# Only in Egypt!!!!!!!!!



## expatinalex (Feb 12, 2010)

I woke up this morning to the sound of an engine runnning outside.

Abdulla.........our guard.......was emptying the pool to make some minor repairs before the summer sets in.

Standing discussing the job with Abdulla was the head gardener and the man who had provided the pump.

The water was being pumped onto the grass and the garden was flooded.

In the one small patch that they hadn't yet moved the pump hose to was stood one of the gardeners young workers.

What was he doing?????????????

Watering the grass of course...............I laughed my socks offffffffff!!!!!!!!!


----------



## Sam (Aug 27, 2009)

expatinalex said:


> I woke up this morning to the sound of an engine runnning outside.
> 
> Abdulla.........our guard.......was emptying the pool to make some minor repairs before the summer sets in.
> 
> ...





HAHAHAHAHAHAHAHA :clap2:

I could see where that story was heading and it still made me laugh out loud. Fantastic.


----------



## expatinalex (Feb 12, 2010)

Sam said:


> HAHAHAHAHAHAHAHA :clap2:
> 
> I could see where that story was heading and it still made me laugh out loud. Fantastic.


Don't you just love them............really?


----------



## Sam (Aug 27, 2009)

expatinalex said:


> Don't you just love them............really?

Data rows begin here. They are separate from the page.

(* Let ${\cal X}$ be finite, $T$ an irreducible transition matrix on ${\cal X}$ reversible with respect to $\pi$ (i.e. $\pi(x)T(x,y)=\pi(y)T(y,x)$), and $\ddot{\cal X}=\{(x,y):T(x,y)>0\}$. Let $U$ and $U'$ be two families of probability distributions $U_x(y,\cdot)$, $U'_x(y,\cdot)$ on ${\cal X}$ (for $x,y\in{\cal X}$), each satisfying $T(x,y)\,U_x(y,z)=T(x,z)\,U_x(z,y)$ (resp. with $U'$) for all $x,y,z$ with $y\ne z$, and such that $U'_x(y,z)\ge U_x(y,z)$ for all $x,y,z\in{\cal X}$ with $y\neq z$. Define Markov chains on $\ddot{\cal X}$ with transition probabilities $\ddot T((x_0,x_1),(y_0,y_1))=\delta(x_1,y_0)U_{x_1}(x_0,y_1)$ and $\ddot T'((x_0,x_1),(y_0,y_1))=\delta(x_1,y_0)U'_{x_1}(x_0,y_1)$, and assume both are irreducible. For $f:{\cal X}\to\mathbb{R}$, let $\hat\mu_n$ and $\hat\mu'_n$ be the averages of $f$ applied to the second component of the first $n$ states of the $\ddot T$-chain and the $\ddot T'$-chain respectively. Then $\lim_{n\to\infty}n\,\mathrm{Var}(\hat\mu'_n)\le\lim_{n\to\infty}n\,\mathrm{Var}(\hat\mu_n)$.
   Context: $\delta(a,b)=1$ if $a=b$ and $0$ otherwise. Both chains leave invariant $\ddot\pi(x,y)=\pi(x)T(x,y)$, whose second-component marginal is $\pi$. *)

theory Defs
  imports "HOL-Analysis.Analysis"
begin

text \<open>Finite Markov kernels are represented as functions P :: 'b => 'b => real,
restricted to a finite state set S.\<close>

definition stochastic_on :: "'b set \<Rightarrow> ('b \<Rightarrow> 'b \<Rightarrow> real) \<Rightarrow> bool" where
  "stochastic_on S P \<longleftrightarrow> (\<forall>a\<in>S. \<forall>b\<in>S. 0 \<le> P a b) \<and> (\<forall>a\<in>S. (\<Sum>b\<in>S. P a b) = 1)"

Wouldn't have them any other way...


----------



## Lanason (Sep 1, 2009)

Sam said:


> Wouldn't have them any other way...


Fantastic - I can just picture it !!!:eyebrows:


----------



## mamasue (Oct 7, 2008)

When I was still living in England, we had a neighbour who watered her front lawn every day through the summer.....
She even stood with an umbrella and watered her lawn when it rained!


----------



## Egyuk (Feb 20, 2010)

I remember in the good old days reading a Walt Disney animation story, Goofey was doing the same and Mickey Mouse saying a similar comment!! For fairness to Goofey this was dedication!!


----------



## Sam (Aug 27, 2009)

I've lost the plot... ::confused2::


----------